UX Journey: install, upgrade, change

This document audits LocalSky’s operator experience across every state transition: first install, version upgrades, configuration changes, hardware changes, recovery from misconfiguration, and migration between modes. Each section names the gaps + how LocalSky handles them.

First-run install

What the operator sees

docker run returns. Container is up.
Visit http://<host>:8090. Server detects no /data/localsky.toml. Redirects to /setup/welcome.
Eight-step wizard (docs/getting-started.md). Each step’s “Save and finish later” link writes a draft to /data/localsky.toml.draft. The wizard is resumable across restarts.
Step 8 (Review) presents the final summary + a single “Save and finish” button. POSTs /api/wizard/apply:
- Validates the draft
- Writes /data/localsky.toml atomically (write to .tmp, fsync, rename)
- Records a snapshot in config_snapshots (version 1)
- Deletes the draft file
Server re-mounts normal routes. Dashboard appears at /.
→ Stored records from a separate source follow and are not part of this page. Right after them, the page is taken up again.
(* Let $Q_\bullet=(Q_k)_{k\ge0}$ be a weakly increasing Markov chain on $\{1,2,\dots\}$ (i.e. transition matrix $(p_{i,j})$ with $p_{i,j}=0$ for $j<i$), with initial distribution $p_{0,j}:=P(Q_0=j)$ such that $p_{0,j}>0$ for infinitely many $j$. Let $G_j:=\sum_{k\ge0}\mathbf 1(Q_k=j)$ and suppose $P(G_j<\infty)=1$ and $P(G_j=0)<1$ for every $j$, and that $G_1,G_2,\dots$ are independent. Then $$h_j:=P(G_j\ge1)=\frac{p_{0,j}}{p_{0,j}+p_{0,j+1}+\cdots},\qquad \prod_{j\ge1}(1-h_j)=0,$$ and the transition matrix has the form $$p_{i,j}=\mathbf 1(j=i)p_{i,i}+\mathbf 1(j>i)(1-p_{i,i})\,h_j\prod_{k=i+1}^{j-1}(1-h_k)=\mathbf 1(j=i)p_{i,i}+\mathbf 1(j>i)(1-p_{i,i})\frac{p_{0,j}}{p_{0,i+1}+p_{0,i+2}+\cdots}$$ for some self-transition probabilities $p_{i,i}<1$. Moreover (still assuming independence of the $G_j$) the following are equivalent: (a) $p_{i,i}=h_i$ for all $i$; (b) each $G_j$ is geometrically distributed on $\{0,1,2,\dots\}$; (c) $Q_\bullet$ is the weak record chain derived from $(p_{0,j})$. Also the following are equivalent: (a') $p_{i,i}=0$ for all $i$; (b') each $G_j$ has a Bernoulli distribution on $\{0,1\}$; (c') $Q_\bullet$ is the strict record chain derived from $(p_{0,j})$. In all cases, the chain $Q_\bullet$ observed only at its changes of state is a copy of the strict record chain derived from $(p_{0,j})$.
   Context: Given a probability distribution $(p_{0,j})_{j\ge1}$ on positive integers, the weak record chain is the sequence of weak upper record values of an i.i.d. sequence with law $(p_{0,j})$; it is Markov with initial law $(p_{0,j})$ and transition matrix $p^{\le}_{i,j}=p_{0,j}\mathbf 1(i\le j)/(p_{0,i}+p_{0,i+1}+\cdots)$. The strict record chain is the sequence of strict upper record values; it is Markov with initial law $(p_{0,j})$ and transition matrix $p^{<}_{i,j}=p_{0,j}\mathbf 1(i<j)/(p_{0,i+1}+p_{0,i+2}+\cdots)$. *)

theory Defs
  imports "HOL-Probability.Probability"
begin
lemma unique_nearest_gap:
  fixes A :: "'a::heine_borel set"
  assumes "closed A" "e > 0"
    and nearest: "\<And>q. q \<in> A \<Longrightarrow> \<rho> \<le> dist z q"
    and unique: "\<And>q. q \<in> A \<Longrightarrow> dist z q = \<rho> \<Longrightarrow> q = a"
  obtains d where "d > 0" "\<And>q. q \<in> A - ball a e \<Longrightarrow> \<rho> + d \<le> dist z q"
proof (cases "A - ball a e = {}")
  case True then show ?thesis by (intro that[of 1]) auto
next
  case False
  have "closed (A - ball a e)" using \<open>closed A\<close> by auto
  then obtain q0 where q0: "q0 \<in> A - ball a e" "infdist z (A - ball a e) = dist z q0"
    using infdist_attains_inf False by blast
  have "\<rho> < dist z q0"
    using nearest[of q0] unique[of q0] q0(1) \<open>e > 0\<close> by force
  moreover have "dist z q0 \<le> dist z q" if "q \<in> A - ball a e" for q
    using q0(2) infdist_le[OF that, of z] by simp
  ultimately show ?thesis using that[of "dist z q0 - \<rho>"] by force
qed

text \<open>Since dist (y t) a = t * r, the hypothesis nearest_T says that a is a nearest point of A to y T.\<close>
lemma nearest_extends_along_segment:
  fixes A B :: "'a::euclidean_space set" and a x :: 'a
  defines "y t \<equiv> a + t *\<^sub>R (x - a)"
  assumes "closed A" "a \<in> A" "e > 0" "ball a e \<subseteq> B"
    and far_in_B: "\<And>c. c \<in> A \<inter> B \<Longrightarrow> r \<le> dist x c" and "dist x a = r"
    and "ereal r < reach A" and "0 \<le> T" "T < 1"
    and nearest_T: "\<And>q. q \<in> A \<Longrightarrow> T * r \<le> dist (y T) q"
  shows "\<exists>t\<in>{T<..1}. \<forall>q\<in>A. t * r \<le> dist (y t) q"
proof -
  have dist_y: "dist (y t) (y s) = \<bar>t - s\<bar> * r" for t s
    unfolding y_def dist_along_segment \<open>dist x a = r\<close> ..
  have y0: "y 0 = a" and y1: "y 1 = x" by (simp_all add: y_def)
  have "0 \<le> r" using \<open>dist x a = r\<close> by auto
  have "dist (y T) a = T * r" using dist_y[of T 0] y0 \<open>0 \<le> T\<close> by simp
  have unique: "q = a" if "q \<in> A" "dist (y T) q = T * r" for q
  proof (rule ccontr)
    assume "q \<noteq> a"
    have "reach A \<le> ereal (T * r)"
      using reach_le_dist_two_nearest \<open>a \<in> A\<close> \<open>q \<in> A\<close> \<open>q \<noteq> a\<close> \<open>dist (y T) a = T * r\<close>
        that(2) nearest_T by metis
    moreover have "T * r \<le> r"
      using \<open>0 \<le> T\<close> \<open>T < 1\<close> \<open>0 \<le> r\<close> by (simp add: mult_left_le_one_le)
    ultimately have "reach A \<le> ereal r" by (meson ereal_less_eq(3) order_trans)
    thus False using \<open>ereal r < reach A\<close> by simp
  qed
  obtain d where "d > 0" and gap: "\<And>q. q \<in> A - ball a e \<Longrightarrow> T * r + d \<le> dist (y T) q"
    using unique_nearest_gap[OF \<open>closed A\<close> \<open>e > 0\<close> nearest_T unique] by blast
  define t where "t = min 1 (T + d / (2 * r + 1))"
  have "T < t" "t \<le> 1" using \<open>T < 1\<close> \<open>d > 0\<close> \<open>0 \<le> r\<close> by (auto simp: t_def)
  have "(t - T) * r \<le> d / (2 * r + 1) * r" using \<open>0 \<le> r\<close> by (intro mult_right_mono) (auto simp: t_def)
  also have "\<dots> \<le> d / 2" using \<open>d > 0\<close> \<open>0 \<le> r\<close> by (simp add: field_simps)
  finally have step_small: "dist (y T) (y t) \<le> d / 2"
    using dist_y[of T t] \<open>T < t\<close> by simp
  have "t * r \<le> dist (y t) q" if "q \<in> A" for q
  proof (cases "q \<in> ball a e")
    case True
    hence "r \<le> dist x q" using far_in_B \<open>q \<in> A\<close> \<open>ball a e \<subseteq> B\<close> by auto
    moreover have "dist x q \<le> dist x (y t) + dist (y t) q" by (rule dist_triangle)
    moreover have "dist x (y t) = (1 - t) * r" using dist_y[of 1 t] y1 \<open>t \<le> 1\<close> by simp
    ultimately show ?thesis by (simp add: algebra_simps)
  next
    case False
    have "dist (y T) q \<le> dist (y T) (y t) + dist (y t) q" by (rule dist_triangle)
    moreover have "t * r \<le> T * r + d / 2"
      using dist_y[of t T] step_small \<open>T < t\<close> by (simp add: dist_commute algebra_simps)
    ultimately show ?thesis using gap[of q] \<open>q \<in> A\<close> False step_small by simp
  qed
  thus ?thesis using \<open>T < t\<close> \<open>t \<le> 1\<close> by (intro bexI[of _ t]) auto
qed
section \<open>Lower bound for the Lipschitz widths\<close>

lemma spikes_separated: "i \<noteq> i' \<Longrightarrow> sigma (i + 1) \<le> c0norm (\<lambda>j. spike i j - spike i' j)"
  using spike_dist_ge[OF bounded_imp_Bseq[of "spike i'" 1, OF spike_bounded], of i]
  by (simp add: spike_apply sigma_pos abs_of_pos)

lemma power_add_le_add_power:
  fixes a b :: "'a::linordered_semidom"
  assumes "0 \<le> a" "0 \<le> b" "1 \<le> n"
  shows "a ^ n + b ^ n \<le> (a + b) ^ n"
  using \<open>1 \<le> n\<close>
proof (induction n rule: dec_induct)
  case (step n)
  have "(a + b) * (a ^ n + b ^ n) = (a ^ Suc n + b ^ Suc n) + (a * b ^ n + b * a ^ n)"
    by (simp add: algebra_simps)
  moreover have "0 \<le> a * b ^ n + b * a ^ n"
    using assms(1,2) by simp
  ultimately have "a ^ Suc n + b ^ Suc n \<le> (a + b) * (a ^ n + b ^ n)"
    by (metis add_increasing2 order_refl)
  also have "\<dots> \<le> (a + b) * (a + b) ^ n"
    using step.IH assms(1,2) by (intro mult_left_mono) auto
  finally show ?case
    by simp
qed simp
(* Let $T$ be a tree of maximum degree at most $3$ and let $S$ be a set of endvertices (vertices of degree at most $1$) of $T$ such that $S$ is not an exponential dominating set of $T$, but $S$ is a subset of some minimum exponential dominating set of $T$. Root $T$ at a vertex $r\in V(T)\setminus S$. For every vertex $u$ of $T$, let $T_u$ be the subtree consisting of $u$ and all its descendants, and define $$\partial w(u)=\max\left\{2^{{\rm dist}_T(u,v)}\left(1-w_{(T_u,S\cap V(T_u))}(v)\right):v\in V(T_u)\right\}.$$ (i) If $u\neq r$ is a vertex with $\partial w(u)>1$ and $\partial w(v)\leq 1$ for every descendant $v$ of $u$, then $S\cup\{u\}$ is a subset of some minimum exponential dominating set of $T$. (ii) If $\partial w(u)\leq 1$ for every vertex $u$ of $T$, then $S\cup\{r\}$ is a minimum exponential dominating set of $T$.
   Context: ${\rm dist}_T(u,v)$ is the usual distance in $T$. For a graph $G$, a set $S\subseteq V(G)$, and vertices $u,v$ with $u\in S$ or $v\in S$, ${\rm dist}_{(G,S)}(u,v)$ is the minimum number of edges of a path $P$ in $G$ between $u$ and $v$ such that $S$ contains exactly one endvertex of $P$ and no internal vertex of $P$, and $\infty$ if no such path exists (so ${\rm dist}_{(G,S)}(u,u)=0$ for $u\in S$). For $u\in V(G)$, $w_{(G,S)}(u)=\sum_{v\in S}(1/2)^{{\rm dist}_{(G,S)}(u,v)-1}$ with $(1/2)^{\infty}=0$. $S$ is an exponential dominating set of $G$ if $w_{(G,S)}(u)\geq 1$ for every $u\in V(G)$, and $\gamma_e(G)$ is the minimum cardinality of an exponential dominating set of $G$; an exponential dominating set of cardinality $\gamma_e(G)$ is called minimum. *)

theory Defs
  imports Complex_Main "HOL-Library.Extended_Nat"
begin

definition graph :: "'a set \<Rightarrow> ('a \<Rightarrow> 'a \<Rightarrow> bool) \<Rightarrow> bool" where
  "graph V E \<longleftrightarrow> finite V \<and> (\<forall>x y. E x y \<longrightarrow> x \<in> V \<and> y \<in> V \<and> x \<noteq> y \<and> E y x)"

definition is_path :: "'a set \<Rightarrow> ('a \<Rightarrow> 'a \<Rightarrow> bool) \<Rightarrow> 'a list \<Rightarrow> bool" where
  "is_path V E xs \<longleftrightarrow> xs \<noteq> [] \<and> distinct xs \<and> set xs \<subseteq> V \<and>
     (\<forall>i. Suc i < length xs \<longrightarrow> E (xs ! i) (xs ! Suc i))"

definition connected_graph :: "'a set \<Rightarrow> ('a \<Rightarrow> 'a \<Rightarrow> bool) \<Rightarrow> bool" where
  "connected_graph V E \<longleftrightarrow> V \<noteq> {} \<and>
     (\<forall>u\<in>V. \<forall>v\<in>V. \<exists>xs. is_path V E xs \<and> hd xs = u \<and> last xs = v)"

definition is_cycle :: "'a set \<Rightarrow> ('a \<Rightarrow> 'a \<Rightarrow> bool) \<Rightarrow> 'a list \<Rightarrow> bool" where
  "is_cycle V E xs \<longleftrightarrow> is_path V E xs \<and> length xs \<ge> 3 \<and> E (last xs) (hd xs)"

definition tree :: "'a set \<Rightarrow> ('a \<Rightarrow> 'a \<Rightarrow> bool) \<Rightarrow> bool" where
  "tree V E \<longleftrightarrow> graph V E \<and> connected_graph V E \<and> (\<nexists>xs. is_cycle V E xs)"

definition degree :: "'a set \<Rightarrow> ('a \<Rightarrow> 'a \<Rightarrow> bool) \<Rightarrow> 'a \<Rightarrow> nat" where
  "degree V E u = card {v\<in>V. E u v}"

definition gdist :: "'a set \<Rightarrow> ('a \<Rightarrow> 'a \<Rightarrow> bool) \<Rightarrow> 'a \<Rightarrow> 'a \<Rightarrow> enat" where
  "gdist V E u v = (INF xs \<in> {xs. is_path V E xs \<and> hd xs = u \<and> last xs = v}. enat (length xs - 1))"

definition sdist :: "'a set \<Rightarrow> ('a \<Rightarrow> 'a \<Rightarrow> bool) \<Rightarrow> 'a set \<Rightarrow> 'a \<Rightarrow> 'a \<Rightarrow> enat" where
  "sdist V E S u v = (INF xs \<in> {xs. is_path V E xs \<and> hd xs = u \<and> last xs = v \<and>
      card ({hd xs, last xs} \<inter> S) = 1 \<and> set (butlast (tl xs)) \<inter> S = {}}. enat (length xs - 1))"

definition half_pow :: "enat \<Rightarrow> real" where
  "half_pow d = (case d of enat n \<Rightarrow> (1/2) powi (int n - 1) | \<infinity> \<Rightarrow> 0)"

definition weight :: "'a set \<Rightarrow> ('a \<Rightarrow> 'a \<Rightarrow> bool) \<Rightarrow> 'a set \<Rightarrow> 'a \<Rightarrow> real" where
  "weight V E S u = (\<Sum>v\<in>S. half_pow (sdist V E S u v))"

definition exp_dom :: "'a set \<Rightarrow> ('a \<Rightarrow> 'a \<Rightarrow> bool) \<Rightarrow> 'a set \<Rightarrow> bool" where
  "exp_dom V E S \<longleftrightarrow> S \<subseteq> V \<and> (\<forall>u\<in>V. weight V E S u \<ge> 1)"

definition min_exp_dom :: "'a set \<Rightarrow> ('a \<Rightarrow> 'a \<Rightarrow> bool) \<Rightarrow> 'a set \<Rightarrow> bool" where
  "min_exp_dom V E S \<longleftrightarrow> exp_dom V E S \<and> (\<forall>S'. exp_dom V E S' \<longrightarrow> card S \<le> card S')"

definition descendants :: "'a set \<Rightarrow> ('a \<Rightarrow> 'a \<Rightarrow> bool) \<Rightarrow> 'a \<Rightarrow> 'a \<Rightarrow> 'a set" where
  "descendants V E r u = {v\<in>V. v \<noteq> u \<and>
     (\<exists>xs. is_path V E xs \<and> hd xs = r \<and> last xs = v \<and> u \<in> set xs)}"

definition subtree_verts :: "'a set \<Rightarrow> ('a \<Rightarrow> 'a \<Rightarrow> bool) \<Rightarrow> 'a \<Rightarrow> 'a \<Rightarrow> 'a set" where
  "subtree_verts V E r u = insert u (descendants V E r u)"

definition restrict_edges :: "('a \<Rightarrow> 'a \<Rightarrow> bool) \<Rightarrow> 'a set \<Rightarrow> 'a \<Rightarrow> 'a \<Rightarrow> bool" where
  "restrict_edges E W x y \<longleftrightarrow> E x y \<and> x \<in> W \<and> y \<in> W"

definition dw :: "'a set \<Rightarrow> ('a \<Rightarrow> 'a \<Rightarrow> bool) \<Rightarrow> 'a set \<Rightarrow> 'a \<Rightarrow> 'a \<Rightarrow> real" where
  "dw V E S r u = (let W = subtree_verts V E r u in
     Max ((\<lambda>v. 2 ^ the_enat (gdist V E u v) *
        (1 - weight W (restrict_edges E W) (S \<inter> W) v)) ` W))"

end

theory Submission
  imports Defs "HOL-Library.Sublist"
begin

text \<open>
  Write \<open>T\<^sub>u\<close> for the subtree of \<open>u\<close>. Everything rests on a Kraft inequality: in a graph
  of maximum degree 3, paths that leave a vertex through a common edge and of which none is a
  prefix of another have \<open>\<Sum> 2 ^ - length \<le> 1\<close>; the tails of shortest admissible paths
  crossing the edge between \<open>u\<close> and its parent form such a family.

  (ii) For \<open>x \<notin> S \<union> {r}\<close> let \<open>c\<close> be the neighbour of \<open>r\<close> towards \<open>x\<close>. Then \<open>r\<close> contributes
  \<open>2 ^ - dist(c, x)\<close> to the weight of \<open>x\<close>, and \<open>\<partial>w(c) \<le> 1\<close> says that \<open>S \<inter> T\<^sub>c\<close>
  contributes the rest. Since \<open>S\<close> is a proper subset of a minimum exponential dominating
  set, \<open>S \<union> {r}\<close> is no larger than one.

  (i) Let \<open>D \<supseteq> S\<close> be minimum. Seen from a vertex \<open>v \<in> T\<^sub>u\<close>, all of \<open>D - T\<^sub>u\<close> weighs at
  most \<open>2 ^ - dist(u, v)\<close> by the Kraft inequality, so \<open>\<partial>w(u) > 1\<close> forces a vertex of
  \<open>D \<inter> T\<^sub>u\<close> outside \<open>S\<close>. Hence \<open>(D - T\<^sub>u) \<union> (S \<inter> T\<^sub>u) \<union> {u}\<close> is no larger than \<open>D\<close>, and it
  still dominates: outside \<open>T\<^sub>u\<close> the single vertex \<open>u\<close> outweighs all of \<open>D \<inter> T\<^sub>u\<close>, again
  by the Kraft inequality, and inside \<open>T\<^sub>u\<close> the argument of (ii) applies to the children
  of \<open>u\<close>, whose values of \<open>\<partial>w\<close> are at most 1.
\<close>

lemma half_pow_enat: "half_pow (enat n) = 2 / 2 ^ n"
proof (cases n)
  case (Suc m)
  then have "int n - 1 = int m" by simp
  then show ?thesis using Suc by (simp add: half_pow_def power_divide)
qed (simp add: half_pow_def)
Gaps + how LocalSky handles them

Gap	Handling
Browser refresh mid-wizard	Draft is persisted server-side after each step; refresh resumes at the same step with same values
Container restart mid-wizard	Same: draft survives restart
User closes tab and comes back days later	Draft still there. The wizard banner on the dashboard (“Resume setup”) invites resumption
Wizard finishes but config validation fails	Apply returns 422 with the specific field error inline; on-disk file untouched; draft preserved
First boot has no location entered	Lat/lon default to (0.0, 0.0); validation flags “null island”; user can’t advance past the Location step until corrected
User doesn’t accept the license	Apply refuses with `LicenseNotAccepted` error

What still needs work

Geocode helper from address text: server-side proxy to Nominatim exists at /api/wizard/geocode, but the wizard UI’s Location step currently shows raw lat/lon inputs only. The address-to-lat/lon flow is plumbed but not wired into the form yet. Tracked.
Map picker for location: Leaflet is already loaded for the radar panel. The wizard could re-use it as a click-to-pick interface. Planned.
Test buttons in Sources / Controllers / LLM steps: the API endpoints exist (POST /api/wizard/test_source etc.) but return 501 in v0.1; the per-adapter test logic lands as each adapter graduates from planned to tested.

Upgrades

What the operator does

docker pull ghcr.io/silenthooligan/localsky:latest
docker stop localsky && docker rm localsky
docker run -d \
  --name localsky \
  --restart unless-stopped \
  -p 8090:8090 \
  -v /opt/localsky/data:/data \
  -e LOCALSKY_V2=1 \
  ghcr.io/silenthooligan/localsky:latest

Or for users on :latest-pinned compose files, docker compose pull && docker compose up -d. Watchtower / Diun / Renovate all work.

What happens inside

Container starts. Reads /data/localsky.toml. schema_version field decides what migration path applies.
Migration runner (src/persistence/runner.rs) opens the SQLite DB. Applies any new migrations in order (one per release that needed schema changes). Records each in the schema_migrations table; idempotent if you rerun.
Config loader checks cfg.schema_version. If lower than CURRENT_SCHEMA_VERSION (currently 1), runs the registered migration chain (one function per version bump). Writes the migrated config back.
Runtime composition root constructs registries from the (now-current) Config. If any source/controller type has been removed in the new release, those entries are skipped with a warn log.
Boot completes. Dashboard at the same URL, same data, same zones.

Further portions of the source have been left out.